### Work request
Only the lines from the line holding "using assms(4) by" through the final line of the entries below are to be returned, exactly as they stand.

-------- Dataset extract

(* Let $n,q$ be positive integers and $s_1,\dots,s_q\ge0$ integers with $\frac{q(q+1)}{2}+\sum_{k=1}^q k\,s_k=n$. Define $\overline{\alpha}_i=q-i+1+\sum_{k=i}^q s_k$ for $1\le i\le q$. Then: (1) $\overline{\alpha}=(\overline{\alpha}_1,\dots,\overline{\alpha}_q)\in\mathcal{P}(n)$; (2) $\overline{\alpha}_1>\overline{\alpha}_2>\cdots>\overline{\alpha}_q$; (3) $\delta(\overline{\alpha})=\big(1,2,\dots,q-1,q,q^{(s_q)},(q-1)^{(s_{q-1})},\dots,1^{(s_1)}\big)$; (4) $s_i=\overline{\alpha}_i-\overline{\alpha}_{i+1}-1$ for $1\le i\le q-1$, and $s_q=\overline{\alpha}_q-1$.
   Context: A partition of a positive integer $n$ is a finite non-increasing sequence $\alpha=(\alpha_1,\dots,\alpha_l)$ of positive integers with sum $n$; $\mathcal{P}(n)$ is the set of partitions of $n$, and $\alpha_i=0$ for $i>l$. The diagonal sequence is $\delta(\alpha)=(d_k)_{k\ge1}$ with $d_k=|\{i:1\le i\le k,\ \alpha_i+i-1\ge k\}|$, trailing zeros omitted. The notation $j^{(s)}$ denotes $s$ consecutive entries equal to $j$. *)

theory Defs
  imports Main
begin

definition part :: "nat list \<Rightarrow> nat \<Rightarrow> nat" where
  "part \<alpha> i = (if 1 \<le> i \<and> i \<le> length \<alpha> then \<alpha> ! (i - 1) else 0)"

definition is_partition :: "nat \<Rightarrow> nat list \<Rightarrow> bool" where
  "is_partition n \<alpha> \<longleftrightarrow>
     (\<forall>x\<in>set \<alpha>. 0 < x) \<and> sorted_wrt (\<ge>) \<alpha> \<and> sum_list \<alpha> = n"

definition partitions :: "nat \<Rightarrow> nat list set" where
  "partitions n = {\<alpha>. is_partition n \<alpha>}"

definition diag_entry :: "nat list \<Rightarrow> nat \<Rightarrow> nat" where
  "diag_entry \<alpha> k = card {i. 1 \<le> i \<and> i \<le> k \<and> part \<alpha> i + i - 1 \<ge> k}"

text \<open>The diagonal sequence with trailing zeros omitted. For a partition of n,
  d_k = 0 for all k > n, so listing d_1..d_n and dropping trailing zeros is the
  whole (finite part of the) sequence.\<close>
definition diag_seq :: "nat list \<Rightarrow> nat list" where
  "diag_seq \<alpha> = rev (dropWhile (\<lambda>x. x = 0)
      (rev (map (diag_entry \<alpha>) [1..<Suc (sum_list \<alpha>)])))"

end

(* Removing the staircase (q, q - 1, ..., 1) from \<alpha> leaves the tail sums
   S_i = s_i + ... + s_q, so \<alpha>_i + i - 1 = q + S_i. Hence d_k = k for k \<le> q, while
   d_(q+m) counts the i with S_i \<ge> m: the conjugate of S_1 \<ge> ... \<ge> S_q, in which the
   value j occurs S_j - S_(j+1) = s_j times. The other claims are direct computations
   with the tail sums, using S_1 + ... + S_q = 1 s_1 + ... + q s_q. *)

theory Submission
  imports Defs
begin

lemma map_upt_shift: "map f [a + i..<a + j] = map (\<lambda>m. f (a + m)) [i..<j]"
  by (rule nth_equalityI) (auto simp: add.assoc)

lemma upt_append_upt: "i \<le> j \<Longrightarrow> j \<le> k \<Longrightarrow> [i..<j] @ [j..<k] = [i..<k]"
  using upt_add_eq_append[of i j "k - j"] by simp

lemma rev_dropWhile_zero_append_zeros:
  "0 \<notin> set xs \<Longrightarrow> \<forall>y\<in>set ys. y = 0 \<Longrightarrow> rev (dropWhile (\<lambda>x. x = 0) (rev (xs @ ys))) = xs"
  by (cases xs rule: rev_cases) (auto simp: dropWhile_append)

lemma sum_tail_sums:
  fixes f :: "nat \<Rightarrow> 'a::comm_semiring_1"
  shows "(\<Sum>i=1..q. \<Sum>k=i..q. f k) = (\<Sum>k=1..q. of_nat k * f k)"
proof (induction q)
  case (Suc q)
  have "(\<Sum>i=1..Suc q. \<Sum>k=i..Suc q. f k) = (\<Sum>i=1..q. (\<Sum>k=i..q. f k) + f (Suc q)) + f (Suc q)"
    by (auto simp: sum.cl_ivl_Suc intro!: sum.cong)
  then show ?case
    using Suc.IH by (simp add: sum.distrib algebra_simps)
qed simp

lemma gauss_sum_reversed: "(\<Sum>i=1..q. q - i + 1) = q * (q + 1) div (2::nat)"
proof -
  have "(\<Sum>i=1..q. q - i + 1) = (\<Sum>i=1..q. q + 1 - i)"
    by (intro sum.cong) auto
  also have "\<dots> = (\<Sum>i=1..q. i)"
    by (rule sum.atLeastAtMost_rev[symmetric])
  finally show ?thesis
    by (simp add: Sum_Icc_nat)
qed

definition stair_partition :: "nat \<Rightarrow> (nat \<Rightarrow> nat) \<Rightarrow> nat list" where
  "stair_partition q s = map (\<lambda>i. q - i + 1 + (\<Sum>k=i..q. s k)) [1..<Suc q]"

lemma part_stair_partition:
  "part (stair_partition q s) i = (if 1 \<le> i \<and> i \<le> q then q - i + 1 + (\<Sum>k=i..q. s k) else 0)"
  by (auto simp: part_def stair_partition_def nth_map_upt simp del: upt_Suc)

lemma sum_list_stair_partition:
  "sum_list (stair_partition q s) = q * (q + 1) div 2 + (\<Sum>k=1..q. k * s k)"
proof -
  have "sum_list (stair_partition q s) = (\<Sum>i=1..q. q - i + 1 + (\<Sum>k=i..q. s k))"
    by (simp add: stair_partition_def sum_set_upt_conv_sum_list_nat[symmetric]
        atLeastLessThanSuc_atLeastAtMost del: upt_Suc)
  also have "\<dots> = (\<Sum>i=1..q. q - i + 1) + (\<Sum>i=1..q. \<Sum>k=i..q. s k)"
    by (rule sum.distrib)
  also have "\<dots> = q * (q + 1) div 2 + (\<Sum>k=1..q. k * s k)"
    by (simp only: gauss_sum_reversed sum_tail_sums of_nat_id)
  finally show ?thesis .
qed

lemma stair_partition_in_partitions:
  "stair_partition q s \<in> partitions (q * (q + 1) div 2 + (\<Sum>k=1..q. k * s k))"
proof -
  have "sorted_wrt (\<ge>) (stair_partition q s)"
    unfolding stair_partition_def sorted_wrt_map
    by (rule sorted_wrt_mono_rel[OF _ sorted_wrt_upt]) (intro add_mono diff_le_mono2 sum_mono2; auto)
  moreover have "\<forall>x\<in>set (stair_partition q s). 0 < x"
    by (simp add: stair_partition_def)
  ultimately show ?thesis
    by (simp add: partitions_def is_partition_def sum_list_stair_partition)
qed

lemma part_stair_partition_Suc:
  assumes "1 \<le> i" and "i < q"
  shows "part (stair_partition q s) i = part (stair_partition q s) (Suc i) + s i + 1"
  using assms by (simp add: part_stair_partition sum.atLeast_Suc_atMost Suc_diff_Suc)

lemma part_stair_partition_last: "0 < q \<Longrightarrow> part (stair_partition q s) q = s q + 1"
  by (simp add: part_stair_partition)

lemma map_card_tail_sums_ge:
  "map (\<lambda>m. card {i\<in>{1..q}. m \<le> (\<Sum>k=i..q. s k)}) [1..<Suc (\<Sum>k=1..q. s k)]
     = concat (map (\<lambda>j. replicate (s j) j) (rev [1..<Suc q]))"
proof (induction q)
  case (Suc q)
  \<comment> \<open>adding s (Suc q) to every tail sum prepends s (Suc q) copies of Suc q\<close>
  define a where "a = s (Suc q)"
  define b where "b = (\<Sum>k=1..q. s k)"
  have "[1..<Suc (\<Sum>k=1..Suc q. s k)] = [1..<Suc a] @ [a + 1..<a + Suc b]"
    by (simp add: a_def b_def add.commute upt_append_upt del: upt_Suc)
  moreover have "map (\<lambda>m. card {i\<in>{1..Suc q}. m \<le> (\<Sum>k=i..Suc q. s k)}) [1..<Suc a]
      = replicate a (Suc q)"
  proof -
    have full: "{i\<in>{1..Suc q}. m \<le> (\<Sum>k=i..Suc q. s k)} = {1..Suc q}" if "m \<le> a" for m
      using that by (auto simp: a_def)
    have "map (\<lambda>m. card {i\<in>{1..Suc q}. m \<le> (\<Sum>k=i..Suc q. s k)}) [1..<Suc a]
        = map (\<lambda>_. Suc q) [1..<Suc a]"
      by (intro map_cong refl) (subst full; auto)
    then show ?thesis
      by (simp add: map_replicate_const)
  qed
  moreover have "map (\<lambda>m. card {i\<in>{1..Suc q}. m \<le> (\<Sum>k=i..Suc q. s k)}) [a + 1..<a + Suc b]
      = map (\<lambda>m. card {i\<in>{1..q}. m \<le> (\<Sum>k=i..q. s k)}) [1..<Suc b]"
  proof -
    have shifted: "{i\<in>{1..Suc q}. a + m \<le> (\<Sum>k=i..Suc q. s k)} = {i\<in>{1..q}. m \<le> (\<Sum>k=i..q. s k)}"
      if "1 \<le> m" for m
      using that by (auto simp: a_def le_Suc_eq)
    show ?thesis
      unfolding map_upt_shift by (intro map_cong refl) (subst shifted; auto)
  qed
  ultimately show ?case
    using Suc.IH by (simp add: a_def b_def)
qed simp

lemma diag_entry_stair_partition:
  assumes "1 \<le> k"
  shows "diag_entry (stair_partition q s) k
    = (if k \<le> q then k else card {i\<in>{1..q}. k - q \<le> (\<Sum>j=i..q. s j)})"
proof -
  have "{i. 1 \<le> i \<and> i \<le> k \<and> part (stair_partition q s) i + i - 1 \<ge> k}
      = (if k \<le> q then {1..k} else {i\<in>{1..q}. k - q \<le> (\<Sum>j=i..q. s j)})"
    using assms by (auto simp: part_stair_partition)
  then show ?thesis
    by (simp add: diag_entry_def)
qed

lemma diag_seq_stair_partition:
  "diag_seq (stair_partition q s) = [1..<Suc q] @ concat (map (\<lambda>j. replicate (s j) j) (rev [1..<Suc q]))"
proof -
  let ?\<alpha> = "stair_partition q s"
  define N where "N = (\<Sum>k=1..q. s k)"
  define n where "n = sum_list ?\<alpha>"
  have "q + N \<le> n"
  proof (cases q)
    case (Suc p)
    then have "q + N \<in> set ?\<alpha>"
      by (force simp: stair_partition_def N_def)
    then show ?thesis
      unfolding n_def by (simp add: member_le_sum_list)
  qed (simp add: N_def)
  then have split: "[1..<Suc n] = [1..<Suc q] @ [q + 1..<q + Suc N] @ [Suc (q + N)..<Suc n]"
    by (simp add: upt_append_upt del: upt_Suc)
  have head: "map (diag_entry ?\<alpha>) [1..<Suc q] = [1..<Suc q]"
    by (rule map_idI) (simp add: diag_entry_stair_partition del: upt_Suc)
  have middle: "map (diag_entry ?\<alpha>) [q + 1..<q + Suc N]
      = concat (map (\<lambda>j. replicate (s j) j) (rev [1..<Suc q]))"
    unfolding map_upt_shift N_def map_card_tail_sums_ge[symmetric]
    by (intro map_cong refl) (simp add: diag_entry_stair_partition del: upt_Suc)
  have tail: "\<forall>d\<in>set (map (diag_entry ?\<alpha>) [Suc (q + N)..<Suc n]). d = 0"
  proof -
    have "(\<Sum>j=i..q. s j) \<le> N" if "1 \<le> i" for i
      unfolding N_def using that by (intro sum_mono2) auto
    then show ?thesis
      by (force simp: diag_entry_stair_partition)
  qed
  have "map (diag_entry ?\<alpha>) [1..<Suc n]
      = ([1..<Suc q] @ concat (map (\<lambda>j. replicate (s j) j) (rev [1..<Suc q])))
        @ map (diag_entry ?\<alpha>) [Suc (q + N)..<Suc n]"
    by (simp only: split map_append head middle append_assoc)
  then show ?thesis
    unfolding diag_seq_def n_def[symmetric]
    by (simp only:) (rule rev_dropWhile_zero_append_zeros[OF _ tail], auto)
qed

theorem proposition2p3:
  fixes n q :: nat and s :: "nat \<Rightarrow> nat" and \<alpha> :: "nat list"
  assumes "0 < n" and "0 < q"
    and "q * (q + 1) div 2 + (\<Sum>k=1..q. k * s k) = n"
    and "\<alpha> = map (\<lambda>i. q - i + 1 + (\<Sum>k=i..q. s k)) [1..<Suc q]"
  shows "\<alpha> \<in> partitions n
    \<and> (\<forall>i. 1 \<le> i \<and> i < q \<longrightarrow> part \<alpha> i > part \<alpha> (i + 1))
    \<and> diag_seq \<alpha> = [1..<Suc q] @ concat (map (\<lambda>j. replicate (s j) j) (rev [1..<Suc q]))
    \<and> (\<forall>i. 1 \<le> i \<and> i \<le> q - 1 \<longrightarrow>
           int (s i) = int (part \<alpha> i) - int (part \<alpha> (i + 1)) - 1)
    \<and> int (s q) = int (part \<alpha> q) - 1"
proof -
  have "\<alpha> = stair_partition q s"
    using assms(4) by (simp only: stair_partition_def)
  then show ?thesis
    using assms(2,3) stair_partition_in_partitions[of q s] diag_seq_stair_partition[of q s]
      part_stair_partition_Suc[of _ q s] part_stair_partition_last[of q s]
    by auto
qed

end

----------------

### Answer box
    using assms(4) by (simp only: stair_partition_def)
  then show ?thesis
    using assms(2,3) stair_partition_in_partitions[of q s] diag_seq_stair_partition[of q s]
      part_stair_partition_Suc[of _ q s] part_stair_partition_last[of q s]
    by auto
qed

end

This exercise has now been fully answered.